I have to agree with 10. I am a lawyer and was once approached by someone wanting to sue their "business partner" - when I asked what the business was, this person, without any sense of shame, told me that it was based on Google Adsense and that her business partner was supposed to have set up 100s of websites so that they could put Google Adsense's ads on them... but this person had taken her money and not delivered - so a heartwarming story all round. I did, however, refuse the engagement.


A lot of people are casting doubt on Google's assurances on the basis that they have the most to gain from lowering the click fraud total.

They obviously did not read Google's rebuttal, and the paper they produced to discuss it in detail. They state that on an accounting and engineering level, the click accounting firms like ClickFacts or Click Forensics are miscounting. Most notably, they're counting page reloads as fraudulent clicks, and they're counting hits from other sites like Yahoo as google fraudulent clicks.

While Google has the most to gain from this analysis, it is close-minded and ignorant to dismiss their claims just because they stand to make money from it.

Caleb Mardini

The cost of click fraud shows up directly in my return per click/dollar spent on programs like Adwords. The greater the fraud the less money I am likely to devote to a particular campaign.

It's in Google's interest to mitigate fraud. As and advertiser however I don't have to worry about fraud as much as I have to watch my conversions and returns.

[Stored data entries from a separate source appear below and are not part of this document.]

(* For any subgroup $\mathcal M\le\mathcal P_n$, $\mathrm{rank}\,A^{(\mathcal M)}=\mathrm{rank}\,D^{(\mathcal M)}=|\mathcal C^{*(\mathcal M)}|$.
   Context: $\mathcal P_n$ is the $n$-qubit Pauli group without phases; $\langle A,B\rangle=0$ if $A,B$ commute and $1$ otherwise. $\Gamma$ is a finite collection of supports $\gamma\subseteq\{1,\dots,n\}$; $\mathcal E_\gamma$ is the set of non-identity Paulis supported in $\gamma$, and $\mathcal E_\Gamma$ the disjoint union of the $\mathcal E_\gamma$ (each $e$ labeled by its support $\gamma_e$). For $h\in\mathcal P_n$, $h_\gamma$ is its restriction to $\gamma$ (identity elsewhere). $A^{(\mathcal M)}$ is the $|\mathcal M|\times|\mathcal E_\Gamma|$ matrix with $A^{(\mathcal M)}[M,e]=1$ if $M_{\gamma_e}=e$ and $0$ otherwise; $D^{(\mathcal M)}$ is the $|\mathcal M|\times|\mathcal E_\Gamma|$ matrix with entries $\langle M,e\rangle$. $\mathcal C^{*(\mathcal M)}$ is the set of nontrivial syndrome classes, i.e. equivalence classes of $\mathcal E_\Gamma$ under equality of $(\langle e,M\rangle)_{M\in\mathcal M}$, excluding the class of all-zero syndrome. *)

theory Defs
  imports Complex_Main "HOL-Algebra.Group" "HOL-Library.Function_Algebras"
begin

(* single-qubit Paulis without phase *)
datatype pauli = PI | PX | PY | PZ

fun pmul1 :: "pauli \<Rightarrow> pauli \<Rightarrow> pauli" where
  "pmul1 PI b = b"
| "pmul1 a PI = a"
| "pmul1 PX PX = PI" | "pmul1 PY PY = PI" | "pmul1 PZ PZ = PI"
| "pmul1 PX PY = PZ" | "pmul1 PY PX = PZ"
| "pmul1 PX PZ = PY" | "pmul1 PZ PX = PY"
| "pmul1 PY PZ = PX" | "pmul1 PZ PY = PX"

definition anticomm1 :: "pauli \<Rightarrow> pauli \<Rightarrow> bool" where
  "anticomm1 a b \<longleftrightarrow> a \<noteq> PI \<and> b \<noteq> PI \<and> a \<noteq> b"

definition paulis :: "nat \<Rightarrow> (nat \<Rightarrow> pauli) set" where
  "paulis n = {p. \<forall>i. i \<notin> {1..n} \<longrightarrow> p i = PI}"

definition pid :: "nat \<Rightarrow> pauli" where
  "pid = (\<lambda>i. PI)"

definition pmul :: "(nat \<Rightarrow> pauli) \<Rightarrow> (nat \<Rightarrow> pauli) \<Rightarrow> (nat \<Rightarrow> pauli)" where
  "pmul p q = (\<lambda>i. pmul1 (p i) (q i))"

definition pauli_group :: "nat \<Rightarrow> (nat \<Rightarrow> pauli) monoid" where
  "pauli_group n = \<lparr>carrier = paulis n, mult = pmul, one = pid\<rparr>"

(* symplectic form <A,B>: 0 if A,B commute, 1 otherwise *)
definition symp :: "nat \<Rightarrow> (nat \<Rightarrow> pauli) \<Rightarrow> (nat \<Rightarrow> pauli) \<Rightarrow> nat" where
  "symp n p q = card {i \<in> {1..n}. anticomm1 (p i) (q i)} mod 2"

definition prestrict :: "(nat \<Rightarrow> pauli) \<Rightarrow> nat set \<Rightarrow> (nat \<Rightarrow> pauli)" where
  "prestrict h \<gamma> = (\<lambda>i. if i \<in> \<gamma> then h i else PI)"

(* E_Gamma: disjoint union of E_gamma, elements labelled by their support gamma *)
definition errs :: "nat \<Rightarrow> nat set set \<Rightarrow> (nat set \<times> (nat \<Rightarrow> pauli)) set" where
  "errs n \<Gamma> = {(\<gamma>, e). \<gamma> \<in> \<Gamma> \<and> e \<in> paulis n \<and> e \<noteq> pid \<and> (\<forall>i. i \<notin> \<gamma> \<longrightarrow> e i = PI)}"

definition matA :: "(nat \<Rightarrow> pauli) \<Rightarrow> nat set \<times> (nat \<Rightarrow> pauli) \<Rightarrow> real" where
  "matA M ge = (if prestrict M (fst ge) = snd ge then 1 else 0)"

definition matD :: "nat \<Rightarrow> (nat \<Rightarrow> pauli) \<Rightarrow> nat set \<times> (nat \<Rightarrow> pauli) \<Rightarrow> real" where
  "matD n M ge = real (symp n M (snd ge))"

definition syn_rel :: "nat \<Rightarrow> nat set set \<Rightarrow> (nat \<Rightarrow> pauli) set
    \<Rightarrow> ((nat set \<times> (nat \<Rightarrow> pauli)) \<times> (nat set \<times> (nat \<Rightarrow> pauli))) set" where
  "syn_rel n \<Gamma> \<M> = {(x, y). x \<in> errs n \<Gamma> \<and> y \<in> errs n \<Gamma> \<and>
      (\<forall>M\<in>\<M>. symp n (snd x) M = symp n (snd y) M)}"

definition nontriv_classes :: "nat \<Rightarrow> nat set set \<Rightarrow> (nat \<Rightarrow> pauli) set
    \<Rightarrow> (nat set \<times> (nat \<Rightarrow> pauli)) set set" where
  "nontriv_classes n \<Gamma> \<M> = {c \<in> errs n \<Gamma> // syn_rel n \<Gamma> \<M>.
      \<not> (\<forall>x\<in>c. \<forall>M\<in>\<M>. symp n (snd x) M = 0)}"

definition real_rank :: "'r set \<Rightarrow> 'c set \<Rightarrow> ('r \<Rightarrow> 'c \<Rightarrow> real) \<Rightarrow> nat" where
  "real_rank R C f = vector_space.dim (\<lambda>(a::real) (v::'c \<Rightarrow> real) x. a * v x)
      ((\<lambda>r. \<lambda>c. if c \<in> C then f r c else 0) ` R)"

end

theory Submission
  imports Defs "HOL-Library.Indicator_Function"
begin

text \<open>Write \<open>\<chi>(P, Q) = (-1) ^ \<langle>P, Q\<rangle>\<close> (\<open>comm_sign\<close>). It is multiplicative in each
  argument, so its sum over a finite set of Paulis closed under multiplication is the size of
  the set if \<open>\<chi>(x, _)\<close> is trivial there and \<open>0\<close> otherwise.

  On the block of columns with support \<open>\<gamma>\<close>, the row of \<open>A\<close> indexed by \<open>M\<close> is the point
  mass at \<open>M\<^sub>\<gamma>\<close> and the row of \<open>D\<close> is \<open>e \<mapsto> \<langle>M\<^sub>\<gamma>, e\<rangle> = (1 - \<chi>(M\<^sub>\<gamma>, e)) / 2\<close>.
  Orthogonality of characters over the Paulis supported in \<open>\<gamma>\<close> makes each of these rows the
  image of the other under a fixed block diagonal linear map, so \<open>A\<close> and \<open>D\<close> have the same
  rank.

  Each row \<open>D\<^sub>M\<close> is the sum of the indicator vectors of the nontrivial syndrome classes on
  which \<open>\<langle>_, M\<rangle> = 1\<close>. Conversely, for \<open>x\<close> of nontrivial syndrome, orthogonality of
  characters over the subgroup \<open>\<M>\<close> shows that the indicator of the class of \<open>x\<close> is
  \<open>-(2 / |\<M>|) \<Sum>\<^sub>M \<chi>(x, M) D\<^sub>M\<close>. So the row space of \<open>D\<close> is spanned by the indicators
  of the nontrivial classes, which are independent since the classes are disjoint and nonempty.\<close>

section \<open>Phaseless Pauli operators\<close>

lemma finite_paulis: "finite (paulis n)"
proof -
  have "paulis n = {p. \<forall>i. (i \<in> {1..n} \<longrightarrow> p i \<in> UNIV) \<and> (i \<notin> {1..n} \<longrightarrow> p i = PI)}"
    by (auto simp: paulis_def)
  also have "finite \<dots>"
  proof (rule finite_set_of_finite_funs)
    have univ: "(UNIV :: pauli set) = {PI, PX, PY, PZ}"
      using pauli.exhaust by auto
    show "finite (UNIV :: pauli set)"
      unfolding univ by simp
  qed simp
  finally show ?thesis .
qed

definition paulis_on :: "nat \<Rightarrow> nat set \<Rightarrow> (nat \<Rightarrow> pauli) set" where
  "paulis_on n \<gamma> = {p \<in> paulis n. \<forall>i. i \<notin> \<gamma> \<longrightarrow> p i = PI}"

lemma finite_paulis_on: "finite (paulis_on n \<gamma>)"
  using finite_paulis by (simp add: paulis_on_def)

lemma pid_in_paulis_on: "pid \<in> paulis_on n \<gamma>"
  by (simp add: paulis_on_def paulis_def pid_def)

lemma pmul_in_paulis_on: "p \<in> paulis_on n \<gamma> \<Longrightarrow> q \<in> paulis_on n \<gamma> \<Longrightarrow> pmul p q \<in> paulis_on n \<gamma>"
  by (simp add: paulis_on_def paulis_def pmul_def)

lemma prestrict_in_paulis_on: "p \<in> paulis n \<Longrightarrow> prestrict p \<gamma> \<in> paulis_on n \<gamma>"
  by (simp add: paulis_on_def paulis_def prestrict_def)

lemma mem_errs_iff: "(\<gamma>, e) \<in> errs n \<Gamma> \<longleftrightarrow> \<gamma> \<in> \<Gamma> \<and> e \<in> paulis_on n \<gamma> \<and> e \<noteq> pid"
  by (auto simp: errs_def paulis_on_def)

lemma finite_errs: "finite \<Gamma> \<Longrightarrow> finite (errs n \<Gamma>)"
  by (rule finite_subset[of _ "\<Gamma> \<times> paulis n"]) (auto simp: errs_def finite_paulis)

lemma pmul_cancel_left: "pmul p (pmul p q) = q"
proof -
  have "pmul1 a (pmul1 a b) = b" for a b by (cases a; cases b) simp_all
  then show ?thesis by (simp add: pmul_def)
qed

lemma pmul_eq_pid_iff: "pmul p q = pid \<longleftrightarrow> p = q"
proof -
  have "pmul1 a b = PI \<longleftrightarrow> a = b" for a b by (cases a; cases b) simp_all
  then show ?thesis by (simp add: pmul_def pid_def fun_eq_iff)
qed

lemma symp_commute: "symp n p q = symp n q p"
proof -
  have "anticomm1 a b = anticomm1 b a" for a b
    by (auto simp: anticomm1_def)
  then show ?thesis by (simp add: symp_def)
qed

lemma symp_pid: "symp n pid q = 0" "symp n q pid = 0"
  by (simp_all add: symp_def pid_def anticomm1_def)

lemma symp_cases: "symp n p q = 0 \<or> symp n p q = 1"
  unfolding symp_def by auto

lemma symp_prestrict:
  assumes "e \<in> paulis_on n \<gamma>"
  shows "symp n (prestrict p \<gamma>) e = symp n p e"
proof -
  have "anticomm1 (prestrict p \<gamma> i) (e i) = anticomm1 (p i) (e i)" for i
    using assms by (simp add: prestrict_def paulis_on_def anticomm1_def)
  then show ?thesis by (simp add: symp_def)
qed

I would say we should take a look into other adwords/adsense providers too. Most recently I was retained by several small businesses to do SEO of their websites and assist them in obtaining better web position. Some of them were using adwords campaigns which were not cost effective, producing little or no business.
After reviewing and analyzing numerous adwords campaigns, the majority were found to be well conducted.
I would say we are suffering from search engine industry wide schemes to inflate profits illegally. Even worse, this exploitation of public domain has resulted in a market place for a few privately owned companies rewarded by billion dollars earnings and profits.